SEC backs investors’ claim Merrill rigged ARS market, lawyer says
jgoff, 08 December 2011
Auction-rate securities holders seeking to win back part of the $330 billion they’ve invested, may get help from a U.S. Securities and Exchange Commission legal brief supporting claims that Merrill Lynch & Co. rigged the moribund market, a lawyer involved in the case said.
Merrill Lynch, now part of Bank of America Corp., failed to adequately inform investors of its alleged role in “propping up” auctions, the SEC said in the brief, filed in the U.S. Court of Appeals for the Second Circuit in New York.
“We think the SEC has come down on the side of investors,” Jonathan Levine, a lawyer with Girard Gibbs in San Francisco, said in a telephone interview. His firm represents investors in the appeal.
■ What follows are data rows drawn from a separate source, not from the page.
lemma abs_L_form_le:
  assumes "\<forall>j<n. \<bar>y j\<bar> \<le> int Q"
  shows "\<bar>L_form n \<alpha> y\<bar> \<le> real Q * (\<Sum>j<n. \<bar>\<alpha> j\<bar>)"
proof -
  have "\<bar>L_form n \<alpha> y\<bar> \<le> (\<Sum>j<n. \<bar>of_int (y j) * \<alpha> j\<bar>)"
    unfolding L_form_def by (rule sum_abs)
  also have "\<dots> \<le> (\<Sum>j<n. real Q * \<bar>\<alpha> j\<bar>)"
  proof (intro sum_mono)
    fix j assume "j \<in> {..<n}"
    then have "\<bar>real_of_int (y j)\<bar> \<le> real Q"
      using assms by (metis lessThan_iff of_int_abs of_int_le_iff of_int_of_nat_eq)
    then show "\<bar>of_int (y j) * \<alpha> j\<bar> \<le> real Q * \<bar>\<alpha> j\<bar>"
      by (simp add: abs_mult mult_right_mono)
  qed
  finally show ?thesis by (simp add: sum_distrib_left)
qed

lemma xi_diff_scaled: "xi n \<alpha> (\<lambda>j. r j - k * r' j) = xi n \<alpha> r - of_int k * xi n \<alpha> r'"
  by (simp add: xi_def algebra_simps sum_subtractf sum_distrib_left)

lemma Q_lin_indep_xi_eq_0D:
  assumes "Q_lin_indep_with_1 n \<alpha>" "xi n \<alpha> r = 0" "j \<le> n"
  shows "r j = 0"
proof -
  have "(\<Sum>j<n. of_rat (of_int (r j)) * \<alpha> j) + of_rat (of_int (r n)) = 0"
    using assms(2) by (simp add: xi_def)
  then have "(of_int (r j) :: rat) = 0"
    using assms(1,3) unfolding Q_lin_indep_with_1_def
    by (elim allE[of _ "\<lambda>j. of_int (r j)"]) blast
  then show ?thesis by simp
qed

lemma less_mult_powr_neg_iff:
  assumes "m \<ge> 1"
  shows "x < C * real m powr (- real n) \<longleftrightarrow> x * real m ^ n < C"
  using assms by (simp add: powr_minus powr_realpow pos_less_divide_eq flip: divide_inverse)

definition badly_approximable_with :: "nat \<Rightarrow> (nat \<Rightarrow> real) \<Rightarrow> real \<Rightarrow> bool" where
  "badly_approximable_with n \<alpha> c \<longleftrightarrow>
     (\<forall>q :: nat \<Rightarrow> int. (\<exists>j<n. q j \<noteq> 0) \<longrightarrow>
        dist_int (L_form n \<alpha> q) \<ge> c * (real_of_int (sup_norm n q)) powr (- real n))"

lemma badly_approximable_iff: "badly_approximable n \<alpha> \<longleftrightarrow> (\<exists>c>0. badly_approximable_with n \<alpha> c)"
  unfolding badly_approximable_def badly_approximable_with_def ..

lemma badly_approximable_with_xi_ge:
  assumes "badly_approximable_with n \<alpha> c" "c \<ge> 0"
    and "\<exists>j<n. q j \<noteq> 0" "\<forall>j<n. real_of_int \<bar>q j\<bar> \<le> B"
  shows "c / B ^ n \<le> \<bar>xi n \<alpha> q\<bar>"
proof -
  obtain j where j: "j < n" "q j \<noteq> 0" using assms(3) by blast
  define s where "s = real_of_int (sup_norm n q)"
  have "1 \<le> \<bar>q j\<bar>" using j(2) by linarith
  then have "1 \<le> s" using abs_le_sup_norm[OF j(1), of q] unfolding s_def by linarith
  moreover have "s \<le> B" using sup_norm_le[OF assms(4)] assms(4) j(1) unfolding s_def by force
  ultimately have "c / B ^ n \<le> c / s ^ n"
    using assms(2) by (intro divide_left_mono power_mono mult_pos_pos) auto
  also have "\<dots> = c * s powr (- real n)"
    using \<open>1 \<le> s\<close> by (simp add: powr_minus powr_realpow divide_inverse)
  also have "\<dots> \<le> \<bar>xi n \<alpha> q\<bar>"
    using assms(1,3) dist_int_L_form_le_xi[of n \<alpha> q] unfolding badly_approximable_with_def s_def
    by force
  finally show ?thesis .
qed

lemma badly_approximable_with_xi_lower_bound:
  assumes "badly_approximable_with n \<alpha> c" "c > 0" "m \<ge> 1"
    and "\<exists>j<Suc n. r j \<noteq> 0" "\<forall>j<Suc n. \<bar>r j\<bar> \<le> int m"
  shows "min c 1 / 2 * real m powr (- real n) < \<bar>xi n \<alpha> r\<bar>"
proof -
  have "min c 1 / 2 * real m powr (- real n) < min c 1 * inverse (real m ^ n)"
    using assms(2,3) by (simp add: powr_minus powr_realpow)
  also have "\<dots> \<le> \<bar>xi n \<alpha> r\<bar>"
  proof (cases "\<exists>j<n. r j \<noteq> 0")
    case True
    have "\<forall>j<n. real_of_int \<bar>r j\<bar> \<le> real m"
      using assms(5) by (metis less_SucI of_int_le_iff of_int_of_nat_eq)
    then have "c / real m ^ n \<le> \<bar>xi n \<alpha> r\<bar>"
      using badly_approximable_with_xi_ge[OF assms(1)] assms(2) True by (simp add: less_imp_le)
    then show ?thesis by (simp add: divide_inverse mult_right_mono order_trans[rotated])
  next
    case False
    with assms(4) have "r n \<noteq> 0" using less_Suc_eq by blast
    moreover have "xi n \<alpha> r = of_int (r n)" using False by (simp add: xi_def)
    moreover have "min c 1 * inverse (real m ^ n) \<le> 1"
      using assms(2,3) by (intro mult_le_one) (auto simp: inverse_le_1_iff)
    ultimately show ?thesis by linarith
  qed
  finally show ?thesis .
qed

section \<open>Small values of the linear form off a hyperplane\<close>

lemma unit_cube_pigeonhole:
  fixes p :: "'a \<Rightarrow> nat \<Rightarrow> real" and K :: "nat \<Rightarrow> nat"
  assumes "finite D" "\<forall>d\<in>D. \<forall>j<l. 0 \<le> p d j \<and> p d j < 1"
    and "\<forall>j<l. K j \<ge> 1" "(\<Prod>j<l. K j) < card D"
  obtains d d' where "d \<in> D" "d' \<in> D" "d \<noteq> d'" "\<forall>j<l. real (K j) * \<bar>p d j - p d' j\<bar> < 1"
proof -
  define box where "box = (\<lambda>d. restrict (\<lambda>j. \<lfloor>real (K j) * p d j\<rfloor>) {..<l})"
  have "box ` D \<subseteq> PiE {..<l} (\<lambda>j. {0..<int (K j)})"
  proof -
    have "\<lfloor>real (K j) * p d j\<rfloor> \<in> {0..<int (K j)}" if "d \<in> D" "j < l" for d j
      using assms(2,3) that mult_strict_left_mono[of "p d j" 1 "real (K j)"] by (auto simp: floor_less_iff)
    then show ?thesis unfolding box_def by (intro image_subsetI) (simp add: restrict_PiE_iff)
  qed
  then have "card (box ` D) \<le> card (PiE {..<l} (\<lambda>j. {0..<int (K j)}))"
    by (intro card_mono) (simp_all add: finite_PiE)
  also have "\<dots> = (\<Prod>j<l. K j)"
    by (simp add: card_PiE)
  finally have "card (box ` D) < card D"
    using assms(4) by linarith
  then have "\<not> inj_on box D"
    using card_image[of box D] by linarith
  then obtain d d' where dd: "d \<in> D" "d' \<in> D" "d \<noteq> d'" "box d = box d'"
    unfolding inj_on_def by blast
  have "real (K j) * \<bar>p d j - p d' j\<bar> < 1" if "j < l" for j
  proof -
    have "\<lfloor>real (K j) * p d j\<rfloor> = \<lfloor>real (K j) * p d' j\<rfloor>"
      using fun_cong[OF dd(4), of j] that by (simp add: box_def)
    then have "\<bar>real (K j) * p d j - real (K j) * p d' j\<bar> < 1"
      using floor_correct[of "real (K j) * p d j"] floor_correct[of "real (K j) * p d' j"] by linarith
    then show ?thesis by (simp add: abs_mult flip: right_diff_distrib)
  qed
  with dd show thesis using that by blast
qed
SEC Chairman Mary Schapiro moved to reinvigorate the enforcement unit after President Barack Obama appointed her in January 2009. Investigations surged by 32 percent and the agency went to court seeking emergency orders four times as often as it did a year earlier, Enforcement Director Robert Khuzami said at a congressional hearing in May 2009.
If the court agrees with the SEC’s argument, it may lead to the reversal of other dismissed auction-rate cases alleging brokers and dealers rigged the market, Levine said. “Now it depends on whether the court accepts the view of the SEC.”